This repository contains a credit risk analysis pipeline using machine learning models to predict loan default likelihood. The dataset consists of borrower information, loan details, and credit history. The project includes data preprocessing, exploratory data analysis (EDA), model training, evaluation, and visualization.

Project Features

1. Data Cleaning & Preprocessing

  • Handles missing values and outliers
  • Encodes categorical features
  • Splits data into training and testing sets

2. Exploratory Data Analysis (EDA)

  • Summary statistics and outlier detection
  • Scatter matrix and box plots to identify trends
  • Parallel category diagrams to analyze categorical feature relationships

3. Machine Learning Models

The project implements multiple classification models to predict loan default likelihood:

  • K-Nearest Neighbors (KNN)
  • Logistic Regression (LG)
  • XGBoost Classifier

Each model is evaluated using metrics such as:

  • Classification Report (Precision, Recall, F1-score)
  • ROC Curve & AUC Score
  • Reliability Plot & Brier Score
  • Feature Importance Analysis

Dataset

  • The dataset used for this analysis is credit_risk_dataset.csv, sourced from Kaggle.
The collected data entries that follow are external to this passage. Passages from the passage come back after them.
definition green :: "'w measure \<Rightarrow> ('a \<Rightarrow> 'w measure) \<Rightarrow> (real \<Rightarrow> 'w \<Rightarrow> 'a) \<Rightarrow> 'a \<Rightarrow> 'a set \<Rightarrow> ennreal" where
  "green M P Z z B = (\<integral>\<^sup>+ t\<in>{0..}. emeasure (P z) {\<omega>\<in>space M. Z t \<omega> \<in> B} \<partial>lborel)"

definition H2 :: "'a::euclidean_space set \<Rightarrow> ('a \<Rightarrow> 'w measure) \<Rightarrow> (real \<Rightarrow> 'w \<Rightarrow> 'a) \<Rightarrow> bool" where
  "H2 E P Z \<longleftrightarrow> (\<forall>a. (SUP z\<in>E. SUP t\<in>{0..1}. \<integral>\<^sup>+ \<omega>. ennreal (exp (a \<bullet> (Z t \<omega> - z))) \<partial>P z) < \<infinity>)"

end

theory Submission
  imports Defs
begin

text \<open>By (H2) and a Chernoff bound, the displacement of the process over a time span of at most 1
  has exponential tails of any prescribed rate \<mu>, uniformly in the starting point. With the Markov
  property at time Tn this gives, for every s in [0,1],
  P_z(Z(Tn + s) in nB(q',\<delta>')) \<ge> P_z(Z(Tn) in nB(q',\<delta>'/2)) - K exp(-\<mu> n),
  and integrating over s bounds G(z, nB(q',\<delta>')) from below by the same quantity. Taking \<mu> larger
  than minus the right-hand liminf makes the error term negligible on the exponential scale.\<close>

lemma LIMSEQ_exp_neg_mult:
  assumes "a > 0"
  shows "(\<lambda>n. exp (- a * real n)) \<longlonglongrightarrow> 0"
proof -
  have "(\<lambda>n. exp (- a) ^ n) \<longlonglongrightarrow> 0"
    using assms by (intro LIMSEQ_power_zero) simp
  then show ?thesis
    by (simp add: exp_of_nat_mult[symmetric] mult.commute)
qed

lemma eventually_exp_dominates:
  fixes c c' \<mu> K :: real
  assumes "c < c'" and "- \<mu> < c'"
  shows "\<forall>\<^sub>F n in sequentially. exp (real n * c) + K * exp (- \<mu> * real n) \<le> exp (real n * c')"
proof -
  have "(\<lambda>n. exp (- (c' - c) * real n) + K * exp (- (\<mu> + c') * real n)) \<longlonglongrightarrow> 0 + K * 0"
    using assms by (intro tendsto_add tendsto_mult_left LIMSEQ_exp_neg_mult) auto
  then have "\<forall>\<^sub>F n in sequentially. exp (- (c' - c) * real n) + K * exp (- (\<mu> + c') * real n) < 1"
    by (intro order_tendstoD(2)) auto
  then show ?thesis
  proof eventually_elim
    case (elim n)
    have "exp (real n * c) + K * exp (- \<mu> * real n)
        = exp (real n * c') * (exp (- (c' - c) * real n) + K * exp (- (\<mu> + c') * real n))"
      by (simp add: distrib_left mult_ac exp_add[symmetric] algebra_simps)
    also have "\<dots> \<le> exp (real n * c')"
      using elim by simp
    finally show ?case .
  qed
qed

lemma ereal_le_scaled_eln_iff:
  assumes "N > 0"
  shows "ereal c \<le> ereal (1 / N) * eln G \<longleftrightarrow> ennreal (exp (N * c)) \<le> G"
proof (cases "G = 0 \<or> G = \<infinity>")
  case True
  then show ?thesis
    using assms by (auto simp: eln_def)
next
  case False
  then have G: "G = ennreal (enn2real G)" "0 < enn2real G"
    by (auto simp: less_top enn2real_positive_iff zero_less_iff_neq_zero)
  have "ereal c \<le> ereal (1 / N) * eln G \<longleftrightarrow> N * c \<le> ln (enn2real G)"
    using False assms by (simp add: eln_def field_simps)
  also have "\<dots> \<longleftrightarrow> exp (N * c) \<le> enn2real G"
    using G(2) by (simp add: ln_ge_iff)
  also have "\<dots> \<longleftrightarrow> ennreal (exp (N * c)) \<le> G"
    by (subst (2) G(1)) (simp add: ennreal_le_iff)
  finally show ?thesis .
qed
(* Assume the matching setting described in the context. Let $M=\{e_1,\ldots,e_k\}$ be a matching and $\sigma_k\in\Omega$ with $M\subseteq\sigma_k$. Run the following procedure: for $i=k,k-1,\ldots,1$, choose an orientation $(u,v)$ of $e_i=\{u,v\}$; select $(u',v')\in\mathcal{N}_{\sigma_i}(u,v)\setminus\overrightarrow{\{e_1,\ldots,e_{i-1}\}}$ uniformly at random; set $\sigma_{i-1}=\mathrm{Swap}_{\sigma_i}((u,v),(u',v'))$. Output $\sigma_0$. Then: (1) the procedure is well defined, in the sense that $e_i\in\sigma_i$ at iteration $i$; (2) it can output $\sigma_0\in\Omega$ if and only if $\hat\psi(M,\sigma_0)=\sigma_k$; (3) distinct executions, i.e. executions differing in the choice of $(u',v')$ for some $i$, produce distinct outputs.
   Context: Let $G=(V,E)$ be an undirected graph with $|V|=2n$ of one of the following two types: [P1] $G$ is the complete graph on $V$; [P2] $V$ is partitioned into sets $A_1,B_1,\ldots,A_r,B_r$ with $|A_i|=|B_i|$ and $E=\{\{u,v\}:u\in A_i,v\in B_i,i\in[r]\}$. In both cases, whenever $(u',u,v,v')$ is a path in $G$ with distinct nodes, $\{u',v'\}\in E$. $\Omega$ is the set of perfect matchings of $G$ (sets of edges). For a single edge $e=\{u,v\}$ and $\sigma\in\Omega$, let $u',v'$ be the nodes with $\{u,u'\},\{v,v'\}\in\sigma$, and set $\hat\psi(\{e\},\sigma)=(\sigma\setminus\{\{u,u'\},\{v,v'\}\})\cup\{\{u,v\},\{u',v'\}\}$. For a matching $M=\{e_1,\ldots,e_k\}$ set $\hat\psi(M,\sigma)=\sigma_k$, where $\sigma_0=\sigma$ and $\sigma_i=\hat\psi(\{e_i\},\sigma_{i-1})$; this is independent of the ordering of $M$. For $S\subseteq E$ let $\overrightarrow S=\{(u,v),(v,u):\{u,v\}\in S\}$. For $\sigma\in\Omega$ and $(u,v),(u',v')\in\overrightarrow\sigma$ let $$\mathrm{Swap}_\sigma((u,v),(u',v'))=(\sigma\setminus\{\{u,v\},\{u',v'\}\})\cup\{\{u,u'\},\{v,v'\}\},$$ and let $\mathcal{N}_\sigma(u,v)=\{(u',v')\in\overrightarrow\sigma:\mathrm{Swap}_\sigma((u,v),(u',v'))\in\Omega\}$. *)

theory Defs
  imports Main
begin

definition type_P1 :: "'a set \<Rightarrow> 'a set set \<Rightarrow> bool" where
  "type_P1 V E \<longleftrightarrow> E = {{u, v} | u v. u \<in> V \<and> v \<in> V \<and> u \<noteq> v}"

definition type_P2 :: "'a set \<Rightarrow> 'a set set \<Rightarrow> bool" where
  "type_P2 V E \<longleftrightarrow> (\<exists>(r::nat) (A::nat \<Rightarrow> 'a set) (B::nat \<Rightarrow> 'a set).
      (\<Union>i\<in>{1..r}. A i \<union> B i) = V
    \<and> (\<forall>i\<in>{1..r}. \<forall>j\<in>{1..r}. A i \<inter> B j = {})
    \<and> (\<forall>i\<in>{1..r}. \<forall>j\<in>{1..r}. i \<noteq> j \<longrightarrow> A i \<inter> A j = {} \<and> B i \<inter> B j = {})
    \<and> (\<forall>i\<in>{1..r}. card (A i) = card (B i))
    \<and> E = {{u, v} | u v i. i \<in> {1..r} \<and> u \<in> A i \<and> v \<in> B i})"

definition perfect_matchings :: "'a set \<Rightarrow> 'a set set \<Rightarrow> 'a set set set" where
  "perfect_matchings V E = {\<sigma>. \<sigma> \<subseteq> E \<and> (\<forall>v\<in>V. \<exists>!e. e \<in> \<sigma> \<and> v \<in> e)}"

definition partner :: "'a set set \<Rightarrow> 'a \<Rightarrow> 'a" where
  "partner \<sigma> u = (THE w. {u, w} \<in> \<sigma>)"

definition psi1 :: "'a set set \<Rightarrow> 'a set \<Rightarrow> 'a set set" where
  "psi1 \<sigma> e = (let u = (SOME u. u \<in> e); v = (SOME v. v \<in> e \<and> v \<noteq> u);
                    u' = partner \<sigma> u; v' = partner \<sigma> v
                in (\<sigma> - {{u, u'}, {v, v'}}) \<union> {{u, v}, {u', v'}})"

text \<open>psi_hat applied to the matching listed as [e_1, ..., e_k]: e_1 is processed first.\<close>
definition psi_hat :: "'a set list \<Rightarrow> 'a set set \<Rightarrow> 'a set set" where
  "psi_hat es \<sigma> = fold (\<lambda>e s. psi1 s e) es \<sigma>"
(* Consider the equation $x'(t)+p(t)\,x(\tau(t))=0$, $t\ge t_0$, where $p,\tau:[t_0,\infty)\to[0,\infty)$ are continuous, $\tau(t)\le t$ and $\lim_{t\to\infty}\tau(t)=\infty$. Assume $\liminf_{t\to\infty}\int_{\tau(t)}^{t}p(s)\,ds=\beta\in(0,1/e]$ and let $\lambda^{*}$ be the smallest real root of $e^{\beta\lambda}=\lambda$. Let $\sigma:[t_0,\infty)\to\mathbb{R}$ be continuous and non-decreasing with $\tau(t)\le\sigma(t)\le t$ for $t\ge t_0$. If $$\limsup_{\varepsilon\to0+}\Bigg(\limsup_{t\to+\infty}\int_{\sigma(t)}^{t}p(s)\exp\bigg(\int_{\tau(s)}^{\sigma(t)}(\lambda^{*}-\varepsilon)\,p(\xi)\,d\xi\bigg)ds\Bigg)>1,$$ then all solutions of this equation oscillate.
   Context: A solution is a function $x\in C([T_0,\infty);\mathbb{R})$ for some $T_0\ge t_0$, continuously differentiable on $[\tau_{(-1)}(T_0),\infty)$ where $\tau_{(-1)}(t)=\sup\{s:\tau(s)\le t\}$, satisfying the equation for $t\ge\tau_{(-1)}(T_0)$. It is oscillatory if it has arbitrarily large zeros; "all solutions oscillate" means every solution is oscillatory. *)

theory Defs
  imports "HOL-Analysis.Analysis"
begin

definition oint :: "real \<Rightarrow> real \<Rightarrow> (real \<Rightarrow> real) \<Rightarrow> real" where
  "oint a b f = (if a \<le> b then integral {a..b} f else - integral {b..a} f)"

definition tau_inv :: "(real \<Rightarrow> real) \<Rightarrow> real \<Rightarrow> real \<Rightarrow> real" where
  "tau_inv \<tau> t0 T = Sup {s. t0 \<le> s \<and> \<tau> s \<le> T}"

definition is_solution ::
  "(real \<Rightarrow> real) \<Rightarrow> (real \<Rightarrow> real) \<Rightarrow> real \<Rightarrow> (real \<Rightarrow> real) \<Rightarrow> bool" where
  "is_solution p \<tau> t0 x \<longleftrightarrow>
     (\<exists>T0 x'. t0 \<le> T0 \<and> continuous_on {T0..} x \<and>
        continuous_on {tau_inv \<tau> t0 T0..} x' \<and>
        (\<forall>t \<ge> tau_inv \<tau> t0 T0.
            (x has_real_derivative x' t) (at t within {tau_inv \<tau> t0 T0..}) \<and>
            x' t + p t * x (\<tau> t) = 0))"

definition oscillatory :: "(real \<Rightarrow> real) \<Rightarrow> bool" where
  "oscillatory x \<longleftrightarrow> (\<forall>T. \<exists>t \<ge> T. x t = 0)"

end

theory Submission
  imports Defs
begin

text \<open>Suppose a solution \<open>x\<close> is eventually positive. Integrating \<open>(ln x)' = -p x(\<tau>)/x\<close> shows
  that a bound \<open>x(\<tau> t) \<ge> a x(t)\<close> improves to \<open>x(\<tau> t) \<ge> exp (a b) x(t)\<close> for every \<open>b < \<beta>\<close>.
  The set of admissible \<open>a\<close> is therefore closed under \<open>a \<mapsto> exp (a b)\<close>, and its supremum \<open>L\<close>
  satisfies \<open>exp (\<beta> L) \<le> L\<close>; if \<open>L < \<lambda>\<^sup>*\<close> this would produce a root of \<open>exp (\<beta> l) = l\<close>
  below the least one. Hence \<open>x(\<tau> s) \<ge> x(\<sigma> t) exp ((\<lambda>\<^sup>* - \<epsilon>) P(\<tau> s, \<sigma> t))\<close>, where \<open>P(u, v)\<close>
  is the integral of \<open>p\<close> over \<open>[u, v]\<close>. Inserting this into
  \<open>x(\<sigma> t) - x(t) = \<integral> p(s) x(\<tau> s) ds\<close> over \<open>[\<sigma> t, t]\<close> bounds the integral in the hypothesis
  by 1 for every \<open>\<epsilon> > 0\<close>, a contradiction. Eventually negative solutions are handled via \<open>-x\<close>.\<close>

lemma exp_closed_set_contains_below_least_root:
  fixes A :: "real set" and \<beta> lam c :: real
  assumes zero: "0 \<in> A"
      and down: "\<And>a a'. a \<in> A \<Longrightarrow> a' \<le> a \<Longrightarrow> a' \<in> A"
      and exp_closed: "\<And>a b. a \<in> A \<Longrightarrow> 0 \<le> a \<Longrightarrow> b < \<beta> \<Longrightarrow> exp (a * b) \<in> A"
      and lam_least: "\<And>l. exp (\<beta> * l) = l \<Longrightarrow> lam \<le> l"
      and "c < lam"
  shows "c \<in> A"
proof (rule ccontr)
  assume "c \<notin> A"
  then have bound: "a < c" if "a \<in> A" for a
    using down that by (meson not_less)
  have bdd: "bdd_above A"
    using bound by (auto intro!: bdd_aboveI[of _ c] less_imp_le)
  define L where "L = Sup A"
  have "1 \<in> A" \<comment> \<open>so that \<open>L - h \<ge> 0\<close> below, as \<open>exp_closed\<close> requires\<close>
    using exp_closed[OF zero, of "\<beta> - 1"] by simp
  then have L_ge_1: "1 \<le> L"
    unfolding L_def by (rule cSup_upper[OF _ bdd])
  have L_le: "L \<le> c"
    unfolding L_def using zero bound by (intro cSup_least) (auto intro: less_imp_le)
  have below_L: "exp ((L - h) * (\<beta> - h)) \<le> L" if "0 < h" "h < L" for h
  proof -
    obtain a where "a \<in> A" "L - h < a"
      using less_cSup_iff[of A "L - h"] zero bdd \<open>0 < h\<close> by (auto simp: L_def)
    then have "L - h \<in> A" using down by simp
    then have "exp ((L - h) * (\<beta> - h)) \<in> A"
      using exp_closed \<open>0 < h\<close> \<open>h < L\<close> by simp
    then show ?thesis unfolding L_def by (rule cSup_upper[OF _ bdd])
  qed
  have "((\<lambda>h. exp ((L - h) * (\<beta> - h))) \<longlongrightarrow> exp ((L - 0) * (\<beta> - 0))) (at_right 0)"
    by (intro tendsto_intros)
  moreover have "eventually (\<lambda>h. exp ((L - h) * (\<beta> - h)) \<le> L) (at_right 0)"
    using L_ge_1 by (intro eventually_at_rightI[of 0 L]) (auto intro: below_L)
  ultimately have "exp ((L - 0) * (\<beta> - 0)) \<le> L"
    by (intro tendsto_le[OF _ tendsto_const]) auto
  then have "exp (\<beta> * L) \<le> L"
    by (simp add: mult.commute)
  then have "\<exists>l. 0 \<le> l \<and> l \<le> L \<and> exp (\<beta> * l) - l = 0"
    using L_ge_1 by (intro IVT2') (auto intro!: continuous_intros)
  then obtain l where "l \<le> L" "exp (\<beta> * l) = l"
    by auto
  then show False
    using lam_least[of l] L_le \<open>c < lam\<close> by simp
qed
A link to the dataset will be added later.
  • It includes borrower demographics, loan details, employment history, and previous credit behavior.

Project Structure

📂 credit-risk-analysis
├── README.md              # Project documentation
├── credit_risk_dataset.csv # Dataset used in the analysis
├── docs/                  # Additional project documentation
├── images/                # Generated plots and analysis figures
│   ├── FeatureImportance.png
│   ├── ROC.png
│   └── RealiabilityPlot.png
└── notebook.ipynb         # Jupyter Notebook with full analysis

How to Use

  1. Clone the repository:
    git clone https://github.com/yourusername/credit-risk-analysis.git
    cd credit-risk-analysis
  2. Open the Jupyter Notebook and run the cells to process data, train models, and analyze results.

Visualizations

The project includes various visualizations such as:

  • Scatter Matrix: Identifying trends and outliers.
  • Box Plots: Analyzing loan grades and default probability.
  • Parallel Category Diagram: Understanding relationships between categorical features.
  • ROC Curve: Model performance comparison.
  • Feature Importance Plot: Identifying key predictors of loan default.

Documentation

For detailed documentation, refer to the docs/ directory or the provided LaTeX/PDF documentation.

Contributors

  • [Your Name]

License

This project is licensed under the MIT License.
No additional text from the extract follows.